● **Exercise aim**
Search the entries below for "with". Report each line where it occurs.

━━━━━━

(* Let $(M,d)$ be a pointed metric space and $f\in\mathrm{Lip}_0(M,M)$ such that $R_{\widehat f}$ has nonempty interior in $\mathcal F(M)$. Then for every nonempty finite set $N\subset M$ there is an increasing sequence $(n(j))_j\subset\mathbb N$ such that $f^{n(j)}(x)\to x$ as $j\to\infty$ for all $x\in N$. In particular $R_f=M$.
   Context: A pointed metric space is a metric space $(M,d)$ with a distinguished point $0$. $\mathrm{Lip}_0(M,M)$ denotes the Lipschitz maps $f:M\to M$ with $f(0)=0$; $\mathrm{Lip}_0(M)$ the real-valued Lipschitz functions vanishing at $0$, normed by the Lipschitz constant. $\delta:M\to\mathrm{Lip}_0(M)^*$, $\delta(x)(\varphi)=\varphi(x)$; $\mathcal F(M)$ is the norm-closed linear span of $\delta(M)$ in $\mathrm{Lip}_0(M)^*$. $\widehat f$ is the unique bounded linear operator on $\mathcal F(M)$ with $\widehat f(\delta(x))=\delta(f(x))$. For a self-map $g$ of a metric space (for an operator, with norm distance), $R_g=\{x:\liminf_{n\to\infty} d(x,g^n(x))=0\}$. *)

theory Defs
  imports "HOL-Analysis.Analysis" "HOL-Library.Liminf_Limsup"
begin

text \<open>Elements of the dual Lip_0(M)^* are represented as functionals on real-valued
  functions; only their values on Lip_0(M) matter.\<close>

definition Lip0 :: "'a::metric_space \<Rightarrow> ('a \<Rightarrow> real) set" where
  "Lip0 z = {\<phi>. \<phi> z = 0 \<and> (\<exists>C. C-lipschitz_on UNIV \<phi>)}"

definition Lip0_ball :: "'a::metric_space \<Rightarrow> ('a \<Rightarrow> real) set" where
  "Lip0_ball z = {\<phi>. \<phi> z = 0 \<and> 1-lipschitz_on UNIV \<phi>}"

definition dnorm :: "'a::metric_space \<Rightarrow> (('a \<Rightarrow> real) \<Rightarrow> real) \<Rightarrow> real" where
  "dnorm z \<mu> = (SUP \<phi>\<in>Lip0_ball z. \<bar>\<mu> \<phi>\<bar>)"

definition dirac :: "'a \<Rightarrow> ('a \<Rightarrow> real) \<Rightarrow> real" where
  "dirac x = (\<lambda>\<phi>. \<phi> x)"

text \<open>Lipschitz-free space F(M): functionals linear on Lip_0(M) that lie in the
  dual-norm closure of the linear span of dirac(M).\<close>
definition free_space :: "'a::metric_space \<Rightarrow> ((('a \<Rightarrow> real) \<Rightarrow> real)) set" where
  "free_space z = {\<mu>.
     (\<forall>\<phi>\<in>Lip0 z. \<forall>\<psi>\<in>Lip0 z. \<mu> (\<lambda>x. \<phi> x + \<psi> x) = \<mu> \<phi> + \<mu> \<psi>) \<and>
     (\<forall>\<phi>\<in>Lip0 z. \<forall>c. \<mu> (\<lambda>x. c * \<phi> x) = c * \<mu> \<phi>) \<and>
     (\<forall>e>0. \<exists>A a. finite A \<and>
        (\<forall>\<phi>\<in>Lip0_ball z. \<bar>\<mu> \<phi> - (\<Sum>x\<in>A. a x * dirac x \<phi>)\<bar> \<le> e))}"

text \<open>The linearization of f: the unique bounded operator with
  fhat (dirac x) = dirac (f x); on F(M) it is given by precomposition.\<close>
definition fhat :: "('a \<Rightarrow> 'a) \<Rightarrow> (('a \<Rightarrow> real) \<Rightarrow> real) \<Rightarrow> (('a \<Rightarrow> real) \<Rightarrow> real)" where
  "fhat f \<mu> = (\<lambda>\<phi>. \<mu> (\<phi> \<circ> f))"

definition recurrent :: "('a::metric_space \<Rightarrow> 'a) \<Rightarrow> 'a set" where
  "recurrent g = {x. liminf (\<lambda>n. ereal (dist x ((g ^^ n) x))) = 0}"

definition recurrent_hat :: "'a::metric_space \<Rightarrow> ('a \<Rightarrow> 'a) \<Rightarrow> (('a \<Rightarrow> real) \<Rightarrow> real) set" where
  "recurrent_hat z f = {\<mu>\<in>free_space z.
     liminf (\<lambda>n. ereal (dnorm z (\<lambda>\<phi>. \<mu> \<phi> - (fhat f ^^ n) \<mu> \<phi>))) = 0}"

end

theory Submission
  imports Defs
begin

text \<open>The recurrent set of \<open>fhat f\<close> contains a ball, hence a finite combination
  \<open>\<nu> = (\<lambda>\<phi>. \<Sum>l\<in>S. c l * \<phi> l)\<close> of Dirac functionals with \<open>N - {z} \<subseteq> S\<close> and generic
  coefficients: distinct subsets of \<open>S\<close> have distinct coefficient sums. Recurrence of \<open>\<nu>\<close>
  gives times \<open>n j\<close> along which \<open>\<Sum>l\<in>S. c l * (\<delta>(l) - \<delta>((f ^^ n j) l))\<close> tends to 0 in
  norm. Testing this against the tent functions \<open>max 0 (t - dist \<cdot> y)\<close>, \<open>y \<in> S\<close>, shows
  that \<open>t \<mapsto> c y * t\<close> is uniformly close to a piecewise linear function whose slope
  between two consecutive distances \<open>dist ((f ^^ n j) l) y\<close> is the sum of \<open>c\<close> over the
  points whose images were already passed. Pigeonhole provides such a gap of definite
  length below a prescribed radius, and genericity forces the passed set to be \<open>{y}\<close>;
  hence \<open>(f ^^ n j) y \<rightarrow> y\<close>.\<close>

lemma Lip0_ball_abs_le_dist: "\<phi> \<in> Lip0_ball z \<Longrightarrow> \<bar>\<phi> x\<bar> \<le> dist x z"
  unfolding Lip0_ball_def lipschitz_on_def
  by (metis (mono_tags, lifting) UNIV_I dist_real_def diff_zero mem_Collect_eq mult_1)

lemma zero_in_Lip0_ball: "(\<lambda>_. 0) \<in> Lip0_ball z"
  unfolding Lip0_ball_def lipschitz_on_def by auto

lemma tent_in_Lip0_ball:
  assumes "0 \<le> t" "t \<le> dist z y"
  shows "(\<lambda>x. max 0 (t - dist x y)) \<in> Lip0_ball z"
proof -
  have "dist (max 0 (t - dist a y)) (max 0 (t - dist b y)) \<le> 1 * dist a b" for a b
  proof -
    have "\<bar>dist a y - dist b y\<bar> \<le> dist a b"
      by (metis abs_le_iff dist_commute dist_triangle diff_le_eq minus_diff_eq add.commute)
    thus ?thesis unfolding dist_real_def by (simp add: abs_le_iff max_def)
  qed
  moreover have "max 0 (t - dist z y) = 0" using assms by simp
  ultimately show ?thesis unfolding Lip0_ball_def lipschitz_on_def by auto
qed

lemma dnorm_le: "(\<And>\<phi>. \<phi> \<in> Lip0_ball z \<Longrightarrow> \<bar>\<mu> \<phi>\<bar> \<le> B) \<Longrightarrow> dnorm z \<mu> \<le> B"
  unfolding dnorm_def using zero_in_Lip0_ball by (intro cSUP_least) auto

lemma abs_le_dnorm:
  "(\<And>\<psi>. \<psi> \<in> Lip0_ball z \<Longrightarrow> \<bar>\<mu> \<psi>\<bar> \<le> B) \<Longrightarrow> \<phi> \<in> Lip0_ball z \<Longrightarrow> \<bar>\<mu> \<phi>\<bar> \<le> dnorm z \<mu>"
  unfolding dnorm_def by (rule cSUP_upper) (auto intro!: bdd_aboveI2)

lemma funpow_fhat: "(fhat f ^^ n) \<mu> = (\<lambda>\<phi>. \<mu> (\<phi> \<circ> (f ^^ n)))"
  by (induction n) (auto simp: fhat_def o_assoc)

lemma sum_dirac_in_free_space:
  assumes "finite S"
  shows "(\<lambda>\<phi>. \<Sum>l\<in>S. c l * \<phi> l) \<in> free_space z"
  unfolding free_space_def
proof (intro CollectI conjI ballI allI impI)
  fix \<phi> \<psi> :: "'a \<Rightarrow> real"
  show "(\<Sum>l\<in>S. c l * (\<phi> l + \<psi> l)) = (\<Sum>l\<in>S. c l * \<phi> l) + (\<Sum>l\<in>S. c l * \<psi> l)"
    by (simp add: distrib_left sum.distrib)
next
  fix \<phi> :: "'a \<Rightarrow> real" and k :: real
  show "(\<Sum>l\<in>S. c l * (k * \<phi> l)) = k * (\<Sum>l\<in>S. c l * \<phi> l)"
    by (simp add: sum_distrib_left algebra_simps)
next
  fix e :: real assume "e > 0"
  thus "\<exists>A a. finite A \<and>
      (\<forall>\<phi>\<in>Lip0_ball z. \<bar>(\<Sum>l\<in>S. c l * \<phi> l) - (\<Sum>x\<in>A. a x * dirac x \<phi>)\<bar> \<le> e)"
    by (intro exI[of _ S] exI[of _ c]) (auto simp: assms dirac_def)
qed

lemma abs_sum_dirac_diff_le_dnorm:
  assumes "finite S" "\<phi> \<in> Lip0_ball z"
  shows "\<bar>\<Sum>l\<in>S. c l * (\<phi> l - \<phi> (w l))\<bar> \<le> dnorm z (\<lambda>\<psi>. \<Sum>l\<in>S. c l * (\<psi> l - \<psi> (w l)))"
proof (rule abs_le_dnorm[OF _ assms(2)])
  fix \<psi> assume \<psi>: "\<psi> \<in> Lip0_ball z"
  have "\<bar>\<Sum>l\<in>S. c l * (\<psi> l - \<psi> (w l))\<bar> \<le> (\<Sum>l\<in>S. \<bar>c l * (\<psi> l - \<psi> (w l))\<bar>)"
    by (rule sum_abs)
  also have "\<dots> \<le> (\<Sum>l\<in>S. \<bar>c l\<bar> * (dist l z + dist (w l) z))"
    unfolding abs_mult
    using Lip0_ball_abs_le_dist[OF \<psi>]
    by (intro sum_mono mult_left_mono) (smt (verit) abs_ge_zero)+
  finally show "\<bar>\<Sum>l\<in>S. c l * (\<psi> l - \<psi> (w l))\<bar> \<le> (\<Sum>l\<in>S. \<bar>c l\<bar> * (dist l z + dist (w l) z))" .
qed

definition distinct_subset_sums :: "'a set \<Rightarrow> ('a \<Rightarrow> real) \<Rightarrow> bool" where
  "distinct_subset_sums S c \<longleftrightarrow> (\<forall>T\<subseteq>S. \<forall>U\<subseteq>S. sum c T = sum c U \<longrightarrow> T = U)"

lemma distinct_subset_sums_insert:
  assumes "finite S" "distinct_subset_sums S c"
    and v: "v \<notin> {sum c U - sum c T | T U. T \<subseteq> S \<and> U \<subseteq> S}"
  shows "distinct_subset_sums (insert y S) (c(y := v))"
  unfolding distinct_subset_sums_def
proof (intro allI impI)
  fix T U assume TU: "T \<subseteq> insert y S" "U \<subseteq> insert y S" and eq: "sum (c(y := v)) T = sum (c(y := v)) U"
  have sum_upd: "sum (c(y := v)) X = (if y \<in> X then v else 0) + sum c (X - {y})"
    if "X \<subseteq> insert y S" for X
  proof -
    have rest: "sum (c(y := v)) (X - {y}) = sum c (X - {y})" by (rule sum.cong) auto
    show ?thesis
    proof (cases "y \<in> X")
      case True
      moreover have "finite X" using that assms(1) finite_subset by blast
      ultimately show ?thesis using rest by (simp add: sum.remove)
    next
      case False
      then show ?thesis using rest by simp
    qed
  qed
  have S: "T - {y} \<subseteq> S" "U - {y} \<subseteq> S" using TU by auto
  note eq' = eq[unfolded sum_upd[OF TU(1)] sum_upd[OF TU(2)]]
  consider "y \<in> T \<longleftrightarrow> y \<in> U" | "y \<in> T" "y \<notin> U" | "y \<notin> T" "y \<in> U" by blast
  then show "T = U"
  proof cases
    case 1
    then have "sum c (T - {y}) = sum c (U - {y})" using eq' by auto
    then have "T - {y} = U - {y}" using assms(2) S unfolding distinct_subset_sums_def by blast
    with 1 show ?thesis by blast
  next
    case 2
    then have "v = sum c (U - {y}) - sum c (T - {y})" using eq' by simp
    with v S show ?thesis by blast
  next
    case 3
    then have "v = sum c (T - {y}) - sum c (U - {y})" using eq' by simp
    with v S show ?thesis by blast
  qed
qed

━━━━━━

● **Problem solution**
   Context: A pointed metric space is a metric space $(M,d)$ with a distinguished point $0$. $\mathrm{Lip}_0(M,M)$ denotes the Lipschitz maps $f:M\to M$ with $f(0)=0$; $\mathrm{Lip}_0(M)$ the real-valued Lipschitz functions vanishing at $0$, normed by the Lipschitz constant. $\delta:M\to\mathrm{Lip}_0(M)^*$, $\delta(x)(\varphi)=\varphi(x)$; $\mathcal F(M)$ is the norm-closed linear span of $\delta(M)$ in $\mathrm{Lip}_0(M)^*$. $\widehat f$ is the unique bounded linear operator on $\mathcal F(M)$ with $\widehat f(\delta(x))=\delta(f(x))$. For a self-map $g$ of a metric space (for an operator, with norm distance), $R_g=\{x:\liminf_{n\to\infty} d(x,g^n(x))=0\}$. *)
text \<open>The linearization of f: the unique bounded operator with
  \<open>\<nu> = (\<lambda>\<phi>. \<Sum>l\<in>S. c l * \<phi> l)\<close> of Dirac functionals with \<open>N - {z} \<subseteq> S\<close> and generic
    with 1 show ?thesis by blast
    with v S show ?thesis by blast
    with v S show ?thesis by blast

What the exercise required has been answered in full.